lemma weight_pos_cyclic:
  assumes "skew3 B" "\<not> acyclic3 B"
  shows "weight B k > 0"
proof -
  obtain e where e: "e \<in> {1, -1}" and B: "B = cyc e (weight B 1) (weight B 2) (weight B 3)"
    using cyclic_eq_cyc[OF assms] .
  have "\<not> acyclic3 (cyc e (weight B 1) (weight B 2) (weight B 3))"
    using assms(2) B by simp
  then have "weight B 1 > 0 \<and> weight B 2 > 0 \<and> weight B 3 > 0"
    unfolding acyclic3_cyc[OF e] using weight_nonneg[of B 1] by linarith
  then show ?thesis
    by (auto simp: weight_def)
qed

lemma weight_mut_cyclic:
  assumes "skew3 B" "\<not> acyclic3 B" "k \<in> I3" "\<not> acyclic3 (mut k B)"
  shows "weight (mut k B) k = (\<Prod>j\<in>I3-{k}. weight B j) - weight B k"
proof -
  define w1 w2 w3 where "w1 = weight B 1" "w2 = weight B 2" "w3 = weight B 3"
  obtain e where e: "e \<in> {1, -1}" and B: "B = cyc e w1 w2 w3"
    using cyclic_eq_cyc[OF assms(1,2)] unfolding w1_w2_w3_def .
  have pos: "w1 > 0" "w2 > 0" "w3 > 0"
    using weight_pos_cyclic[OF assms(1,2)] unfolding w1_w2_w3_def by blast+
  have e': "-e \<in> {1, -1}"
    using e by auto
  consider "k = 1" | "k = 2" | "k = 3"
    using I3_cases assms(3) by blast
  then show ?thesis
  proof cases
    case 1
    then have "mut k B = cyc (-e) (w2 * w3 - w1) w2 w3"
      using mut1_cyc[OF e pos(2,3)] B by simp
    then show ?thesis
      using assms(4) pos 1
      by (simp add: weight_cyc[OF e'] acyclic3_cyc[OF e'] I3_def insert_Diff_if w1_w2_w3_def)
  next
    case 2
    then have "mut k B = cyc (-e) w1 (w1 * w3 - w2) w3"
      using mut2_cyc[OF e pos(1,3)] B by simp
    then show ?thesis
      using assms(4) pos 2
      by (simp add: weight_cyc[OF e'] acyclic3_cyc[OF e'] I3_def insert_Diff_if w1_w2_w3_def)
  next
    case 3
    then have "mut k B = cyc (-e) w1 w2 (w1 * w2 - w3)"
      using mut3_cyc[OF e pos(1,2)] B by simp
    then show ?thesis
      using assms(4) pos 3
      by (simp add: weight_cyc[OF e'] acyclic3_cyc[OF e'] I3_def insert_Diff_if w1_w2_w3_def)
  qed
qed

lemma markov_mut_cyclic:
  assumes "skew3 B" "\<not> acyclic3 B" "k \<in> I3" "\<not> acyclic3 (mut k B)"
  shows "markov (mut k B) = markov B"
proof -
  obtain i j where I: "I3 = {i, j, k}" "i \<noteq> j" "i \<noteq> k" "j \<noteq> k"
    using I3_other_two[OF assms(3)] .
  then have "weight (mut k B) i = weight B i" "weight (mut k B) j = weight B j"
    using weight_mut_other[OF _ assms(3)] by auto
  moreover have "weight (mut k B) k = weight B i * weight B j - weight B k"
    using weight_mut_cyclic[OF assms] prod_other_two[OF I] by simp
  ultimately show ?thesis
    unfolding markov_split[OF I] by (simp only:) (simp add: power2_eq_square algebra_simps)
qed

lemma mut_class_skew3:
  assumes "skew3 A" "mut_class A B"
  shows "skew3 B"
  using assms(2) by induction (simp_all add: assms(1) skew3_mut)

locale mutation_cyclic3 =
  fixes A :: mat3
  assumes skew: "skew3 A" and mutation_cyclic: "mutation_cyclic A"
begin

lemma mut_class_cyclic: "mut_class A B \<Longrightarrow> \<not> acyclic3 B"
  using mutation_cyclic unfolding mutation_cyclic_def by blast

lemma mut_class_markov: "mut_class A B \<Longrightarrow> markov B = markov A"
proof (induction rule: mut_class.induct)
  case (step B k)
  then show ?case
    using markov_mut_cyclic mut_class_skew3[OF skew] mut_class_cyclic mut_class.step by metis
qed simp

end

section \<open>Essential equivalence and the output of the algorithm\<close>

lemma ess_equiv_iff:
  "ess_equiv B C \<longleftrightarrow> (\<exists>\<sigma> s. bij_betw \<sigma> I3 I3 \<and> s \<in> {1, -1} \<and>
     (\<forall>i\<in>I3. \<forall>j\<in>I3. C i j = s * B (\<sigma> i) (\<sigma> j)))"
  unfolding ess_equiv_def
proof (rule iffI; elim exE conjE)
  fix \<sigma> assume \<sigma>: "bij_betw \<sigma> I3 I3"
    and "(\<forall>i\<in>I3. \<forall>j\<in>I3. C i j = B (\<sigma> i) (\<sigma> j)) \<or> (\<forall>i\<in>I3. \<forall>j\<in>I3. C i j = - B (\<sigma> i) (\<sigma> j))"
  then consider "\<forall>i\<in>I3. \<forall>j\<in>I3. C i j = 1 * B (\<sigma> i) (\<sigma> j)"
    | "\<forall>i\<in>I3. \<forall>j\<in>I3. C i j = -1 * B (\<sigma> i) (\<sigma> j)"
    by auto
  then show "\<exists>\<sigma> s. bij_betw \<sigma> I3 I3 \<and> s \<in> {1, -1} \<and> (\<forall>i\<in>I3. \<forall>j\<in>I3. C i j = s * B (\<sigma> i) (\<sigma> j))"
    using \<sigma> by cases blast+
qed auto

lemma ess_equivI:
  assumes "bij_betw \<sigma> I3 I3" "s \<in> {1, -1}" "\<And>i j. i \<in> I3 \<Longrightarrow> j \<in> I3 \<Longrightarrow> C i j = s * B (\<sigma> i) (\<sigma> j)"
  shows "ess_equiv B C"
  unfolding ess_equiv_iff using assms by blast

lemma ess_equiv_refl: "ess_equiv B B"
  by (rule ess_equivI[of id 1]) auto

lemma ess_equiv_trans:
  assumes "ess_equiv B C" "ess_equiv C D"
  shows "ess_equiv B D"
proof -
  obtain \<sigma> s where \<sigma>: "bij_betw \<sigma> I3 I3" "s \<in> {1, -1}" "\<forall>i\<in>I3. \<forall>j\<in>I3. C i j = s * B (\<sigma> i) (\<sigma> j)"
    using assms(1) unfolding ess_equiv_iff by blast
  obtain \<tau> t where \<tau>: "bij_betw \<tau> I3 I3" "t \<in> {1, -1}" "\<forall>i\<in>I3. \<forall>j\<in>I3. D i j = t * C (\<tau> i) (\<tau> j)"
    using assms(2) unfolding ess_equiv_iff by blast
  show ?thesis
  proof (rule ess_equivI[of "\<sigma> \<circ> \<tau>" "t * s"])
    show "bij_betw (\<sigma> \<circ> \<tau>) I3 I3" using \<sigma>(1) \<tau>(1) by (rule bij_betw_trans[rotated])
    show "t * s \<in> {1, -1}" using \<sigma>(2) \<tau>(2) by auto
    fix i j assume "i \<in> I3" "j \<in> I3"
    then show "D i j = t * s * B ((\<sigma> \<circ> \<tau>) i) ((\<sigma> \<circ> \<tau>) j)"
      using \<tau>(3) \<sigma>(3) bij_betwE[OF \<tau>(1)] by simp
  qed
qed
______
** Exercise brief **
Your response should be an exact copy of all the records.

** Answer section **
lemma weight_pos_cyclic:
  assumes "skew3 B" "\<not> acyclic3 B"
  shows "weight B k > 0"
proof -
  obtain e where e: "e \<in> {1, -1}" and B: "B = cyc e (weight B 1) (weight B 2) (weight B 3)"
    using cyclic_eq_cyc[OF assms] .
  have "\<not> acyclic3 (cyc e (weight B 1) (weight B 2) (weight B 3))"
    using assms(2) B by simp
  then have "weight B 1 > 0 \<and> weight B 2 > 0 \<and> weight B 3 > 0"
    unfolding acyclic3_cyc[OF e] using weight_nonneg[of B 1] by linarith
  then show ?thesis
    by (auto simp: weight_def)
qed

lemma weight_mut_cyclic:
  assumes "skew3 B" "\<not> acyclic3 B" "k \<in> I3" "\<not> acyclic3 (mut k B)"
  shows "weight (mut k B) k = (\<Prod>j\<in>I3-{k}. weight B j) - weight B k"
proof -
  define w1 w2 w3 where "w1 = weight B 1" "w2 = weight B 2" "w3 = weight B 3"
  obtain e where e: "e \<in> {1, -1}" and B: "B = cyc e w1 w2 w3"
    using cyclic_eq_cyc[OF assms(1,2)] unfolding w1_w2_w3_def .
  have pos: "w1 > 0" "w2 > 0" "w3 > 0"
    using weight_pos_cyclic[OF assms(1,2)] unfolding w1_w2_w3_def by blast+
  have e': "-e \<in> {1, -1}"
    using e by auto
  consider "k = 1" | "k = 2" | "k = 3"
    using I3_cases assms(3) by blast
  then show ?thesis
  proof cases
    case 1
    then have "mut k B = cyc (-e) (w2 * w3 - w1) w2 w3"
      using mut1_cyc[OF e pos(2,3)] B by simp
    then show ?thesis
      using assms(4) pos 1
      by (simp add: weight_cyc[OF e'] acyclic3_cyc[OF e'] I3_def insert_Diff_if w1_w2_w3_def)
  next
    case 2
    then have "mut k B = cyc (-e) w1 (w1 * w3 - w2) w3"
      using mut2_cyc[OF e pos(1,3)] B by simp
    then show ?thesis
      using assms(4) pos 2
      by (simp add: weight_cyc[OF e'] acyclic3_cyc[OF e'] I3_def insert_Diff_if w1_w2_w3_def)
  next
    case 3
    then have "mut k B = cyc (-e) w1 w2 (w1 * w2 - w3)"
      using mut3_cyc[OF e pos(1,2)] B by simp
    then show ?thesis
      using assms(4) pos 3
      by (simp add: weight_cyc[OF e'] acyclic3_cyc[OF e'] I3_def insert_Diff_if w1_w2_w3_def)
  qed
qed

lemma markov_mut_cyclic:
  assumes "skew3 B" "\<not> acyclic3 B" "k \<in> I3" "\<not> acyclic3 (mut k B)"
  shows "markov (mut k B) = markov B"
proof -
  obtain i j where I: "I3 = {i, j, k}" "i \<noteq> j" "i \<noteq> k" "j \<noteq> k"
    using I3_other_two[OF assms(3)] .
  then have "weight (mut k B) i = weight B i" "weight (mut k B) j = weight B j"
    using weight_mut_other[OF _ assms(3)] by auto
  moreover have "weight (mut k B) k = weight B i * weight B j - weight B k"
    using weight_mut_cyclic[OF assms] prod_other_two[OF I] by simp
  ultimately show ?thesis
    unfolding markov_split[OF I] by (simp only:) (simp add: power2_eq_square algebra_simps)
qed

lemma mut_class_skew3:
  assumes "skew3 A" "mut_class A B"
  shows "skew3 B"
  using assms(2) by induction (simp_all add: assms(1) skew3_mut)

locale mutation_cyclic3 =
  fixes A :: mat3
  assumes skew: "skew3 A" and mutation_cyclic: "mutation_cyclic A"
begin

lemma mut_class_cyclic: "mut_class A B \<Longrightarrow> \<not> acyclic3 B"
  using mutation_cyclic unfolding mutation_cyclic_def by blast

lemma mut_class_markov: "mut_class A B \<Longrightarrow> markov B = markov A"
proof (induction rule: mut_class.induct)
  case (step B k)
  then show ?case
    using markov_mut_cyclic mut_class_skew3[OF skew] mut_class_cyclic mut_class.step by metis
qed simp

end

section \<open>Essential equivalence and the output of the algorithm\<close>

lemma ess_equiv_iff:
  "ess_equiv B C \<longleftrightarrow> (\<exists>\<sigma> s. bij_betw \<sigma> I3 I3 \<and> s \<in> {1, -1} \<and>
     (\<forall>i\<in>I3. \<forall>j\<in>I3. C i j = s * B (\<sigma> i) (\<sigma> j)))"
  unfolding ess_equiv_def
proof (rule iffI; elim exE conjE)
  fix \<sigma> assume \<sigma>: "bij_betw \<sigma> I3 I3"
    and "(\<forall>i\<in>I3. \<forall>j\<in>I3. C i j = B (\<sigma> i) (\<sigma> j)) \<or> (\<forall>i\<in>I3. \<forall>j\<in>I3. C i j = - B (\<sigma> i) (\<sigma> j))"
  then consider "\<forall>i\<in>I3. \<forall>j\<in>I3. C i j = 1 * B (\<sigma> i) (\<sigma> j)"
    | "\<forall>i\<in>I3. \<forall>j\<in>I3. C i j = -1 * B (\<sigma> i) (\<sigma> j)"
    by auto
  then show "\<exists>\<sigma> s. bij_betw \<sigma> I3 I3 \<and> s \<in> {1, -1} \<and> (\<forall>i\<in>I3. \<forall>j\<in>I3. C i j = s * B (\<sigma> i) (\<sigma> j))"
    using \<sigma> by cases blast+
qed auto

lemma ess_equivI:
  assumes "bij_betw \<sigma> I3 I3" "s \<in> {1, -1}" "\<And>i j. i \<in> I3 \<Longrightarrow> j \<in> I3 \<Longrightarrow> C i j = s * B (\<sigma> i) (\<sigma> j)"
  shows "ess_equiv B C"
  unfolding ess_equiv_iff using assms by blast

lemma ess_equiv_refl: "ess_equiv B B"
  by (rule ess_equivI[of id 1]) auto

lemma ess_equiv_trans:
  assumes "ess_equiv B C" "ess_equiv C D"
  shows "ess_equiv B D"
proof -
  obtain \<sigma> s where \<sigma>: "bij_betw \<sigma> I3 I3" "s \<in> {1, -1}" "\<forall>i\<in>I3. \<forall>j\<in>I3. C i j = s * B (\<sigma> i) (\<sigma> j)"
    using assms(1) unfolding ess_equiv_iff by blast
  obtain \<tau> t where \<tau>: "bij_betw \<tau> I3 I3" "t \<in> {1, -1}" "\<forall>i\<in>I3. \<forall>j\<in>I3. D i j = t * C (\<tau> i) (\<tau> j)"
    using assms(2) unfolding ess_equiv_iff by blast
  show ?thesis
  proof (rule ess_equivI[of "\<sigma> \<circ> \<tau>" "t * s"])
    show "bij_betw (\<sigma> \<circ> \<tau>) I3 I3" using \<sigma>(1) \<tau>(1) by (rule bij_betw_trans[rotated])
    show "t * s \<in> {1, -1}" using \<sigma>(2) \<tau>(2) by auto
    fix i j assume "i \<in> I3" "j \<in> I3"
    then show "D i j = t * s * B ((\<sigma> \<circ> \<tau>) i) ((\<sigma> \<circ> \<tau>) j)"
      using \<tau>(3) \<sigma>(3) bij_betwE[OF \<tau>(1)] by simp
  qed
qed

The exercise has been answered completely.